Combination of automated high throughput platforms, flow cytometry, and hierarchical clustering to detect cell state
Version of Record online: 8 JAN 2007
Copyright © 2007 International Society for Analytical Cytology
Cytometry Part A
Volume 71A, Issue 1, pages 16–27, January 2007
How to Cite
Kitsos, C. M., Bhamidipati, P., Melnikova, I., Cash, E. P., McNulty, C., Furman, J., Cima, M. J. and Levinson, D. (2007), Combination of automated high throughput platforms, flow cytometry, and hierarchical clustering to detect cell state. Cytometry, 71A: 16–27. doi: 10.1002/cyto.a.20353
- Issue online: 24 JAN 2007
- Version of Record online: 8 JAN 2007
- Manuscript Accepted: 27 OCT 2006
- Manuscript Revised: 21 MAR 2006
- Manuscript Received: 6 OCT 2005
- Defense Advanced Research Projects Agency (DARPA)
- hierarchical clustering;
- high-throughput experimentation;
- flow cytometry;
- cell-surface antigens;
- cellular phenotypes;
- cellular profiling
This study examined whether hierarchical clustering could be used to detect cell states induced by treatment combinations that were generated through automation and high-throughput (HT) technology. Data-mining techniques were used to analyze the large experimental data sets to determine whether nonlinear, non-obvious responses could be extracted from the data.

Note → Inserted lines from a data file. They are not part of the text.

(* Let $m\ge1$ and consider a preferential (dynamic) attachment circuit of index $m$. For $0\le j\le n$ let $D^{(m)}_{n,j}$ be the degree (indegree plus outdegree, edges counted with multiplicity) of node $j$ at time $n$. Then for $n\ge j$ and every integer $d$, $$\mathbb{P}\bigl(D^{(m)}_{n,j}=d\bigr)=\bigl(d-m(1-\delta_{j,0})\bigr)!\sum_{\substack{b_1+\cdots+b_{n-j}=m(n-j+1-\delta_{j,0})-d\\ 0\le b_1\le\min\{m,(m+1)j\}}}\left(\prod_{r=1}^{n-j}\binom{m}{b_r}\right)\frac{\prod_{r=1}^{n-j}\bigl\langle (m+1)j+\sum_{\ell=1}^{r-1}b_\ell+r-1\bigr\rangle_{b_r}}{\prod_{r=0}^{n-j-1}\langle (m+1)(j+r)+1\rangle_m},$$ where the sum is over tuples $(b_1,\dots,b_{n-j})$ of nonnegative integers.
   Context: Preferential (dynamic) attachment circuit of index $m\ge1$: at time $0$ there is a single node labeled $0$. At each time $n\ge1$ a new node labeled $n$ is added and $m$ parents are chosen for it one at a time, with replacement, among nodes $0,\dots,n-1$. Before the $(i+1)$-th choice ($i=0,\dots,m-1$), each existing node $v$ is chosen with probability $\frac{d_i(v)+1}{\sum_{x}(d_i(x)+1)}$, where $d_i(x)$ is the outdegree of $x$ in the current multigraph including the edges created by the first $i$ choices for node $n$; after each choice an edge from the chosen parent to node $n$ is immediately added (multi-edges allowed). $\langle x\rangle_s=x(x+1)\cdots(x+s-1)$ is the rising factorial, $\langle x\rangle_0=1$; $\delta_{j,0}$ is the Kronecker delta. *)

theory Defs
  imports "HOL-Probability.Probability"
begin

text \<open>State of the circuit: the outdegree function d :: nat \<Rightarrow> nat
  (edges counted with multiplicity).\<close>

definition choose_parent :: "nat \<Rightarrow> (nat \<Rightarrow> nat) \<Rightarrow> nat pmf" where
  "choose_parent k d = pmf_of_multiset (\<Sum>v<k. replicate_mset (d v + 1) v)"

definition add_edge :: "nat \<Rightarrow> (nat \<Rightarrow> nat) \<Rightarrow> (nat \<Rightarrow> nat) pmf" where
  "add_edge k d = map_pmf (\<lambda>v. d(v := d v + 1)) (choose_parent k d)"

fun attach :: "nat \<Rightarrow> nat \<Rightarrow> (nat \<Rightarrow> nat) \<Rightarrow> (nat \<Rightarrow> nat) pmf" where
  "attach 0 k d = return_pmf d"
| "attach (Suc i) k d = bind_pmf (add_edge k d) (attach i k)"

text \<open>Distribution of the outdegree function at time n for the
  preferential attachment circuit of index m. At time n+1,
  node n+1 chooses m parents among nodes 0..n.\<close>
fun pa_outdeg :: "nat \<Rightarrow> nat \<Rightarrow> (nat \<Rightarrow> nat) pmf" where
  "pa_outdeg m 0 = return_pmf (\<lambda>_. 0)"
| "pa_outdeg m (Suc n) = bind_pmf (pa_outdeg m n) (attach m (Suc n))"

text \<open>Degree (indegree + outdegree) of node j at time n:
  node j \<ge> 1 has indegree m, node 0 has indegree 0.\<close>
definition pa_degree :: "nat \<Rightarrow> nat \<Rightarrow> nat \<Rightarrow> int pmf" where
  "pa_degree m n j = map_pmf (\<lambda>d. int (d j) + (if j = 0 then 0 else int m)) (pa_outdeg m n)"

definition kdelta :: "nat \<Rightarrow> nat \<Rightarrow> int" where
  "kdelta a b = (if a = b then 1 else 0)"

end

theory Submission
  imports Defs
begin

text \<open>
  Seen from node j, the m parent choices of a new node form a Polya urn: node j
  has weight (outdegree + 1) and all other nodes are lumped into one colour, whose
  weight is fixed by the total weight (m + 1) n + 1 at time n. The m draws of node n + 1
  therefore follow the Polya-Eggenberger law, and the outdegree of node j is a
  Markov chain started at 0 at time j. Unfolding this chain, let b_r be the number of
  parents of node j + r other than j. The rising factorials of j's colour telescope to
  the factorial of the final outdegree, those of the other colour give the products
  in the formula, and summing over all (b_1, ..., b_{n-j}) gives the distribution; the
  degree adds the indegree m of a non-root node.
\<close>

lemma sum_fun_upd_Suc:
  fixes f :: "'a \<Rightarrow> nat"
  assumes "finite A" "v \<in> A"
  shows "(\<Sum>u\<in>A. (f(v := Suc (f v))) u) = Suc (\<Sum>u\<in>A. f u)"
proof -
  have "(\<Sum>u\<in>A - {v}. (f(v := Suc (f v))) u) = (\<Sum>u\<in>A - {v}. f u)"
    by (intro sum.cong) auto
  then show ?thesis
    by (simp add: sum.remove[OF assms])
qed

lemma fact_mult_pochhammer: "fact x * pochhammer (real x + 1) k = fact (x + k)"
  unfolding pochhammer_fact pochhammer_product'[of 1 x k] by (simp add: add.commute[of 1 "real x"])

section \<open>Reduction to a Polya urn\<close>

abbreviation parent_weights :: "nat \<Rightarrow> (nat \<Rightarrow> nat) \<Rightarrow> nat multiset" where
  "parent_weights k d \<equiv> \<Sum>v<k. replicate_mset (d v + 1) v"

definition total_weight :: "nat \<Rightarrow> (nat \<Rightarrow> nat) \<Rightarrow> nat" where
  "total_weight k d = (\<Sum>v<k. d v + 1)"

lemma count_parent_weights: "count (parent_weights k d) u = (if u < k then d u + 1 else 0)"
proof -
  have "count (parent_weights k d) u = (\<Sum>v<k. if v = u then d v + 1 else 0)"
    unfolding count_sum by (intro sum.cong) (auto simp del: replicate_mset_Suc)
  also have "\<dots> = (if u < k then d u + 1 else 0)"
    by (simp only: sum.delta[OF finite_lessThan]) simp
  finally show ?thesis .
qed

lemma size_parent_weights: "size (parent_weights k d) = total_weight k d"
  unfolding total_weight_def size_multiset_sum size_replicate_mset ..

Unary, binary, and ternary combinations of pharmacological factors (examples of stimuli) were used to induce differentiation of HL-60 cells using a HT automated approach. Cell profiles were analyzed by incorporating hierarchical clustering methods on data collected by flow cytometry. Data-mining techniques were used to explore the combinatorial space for nonlinear, unexpected events. Additional small-scale, follow-up experiments were performed on cellular profiles of interest.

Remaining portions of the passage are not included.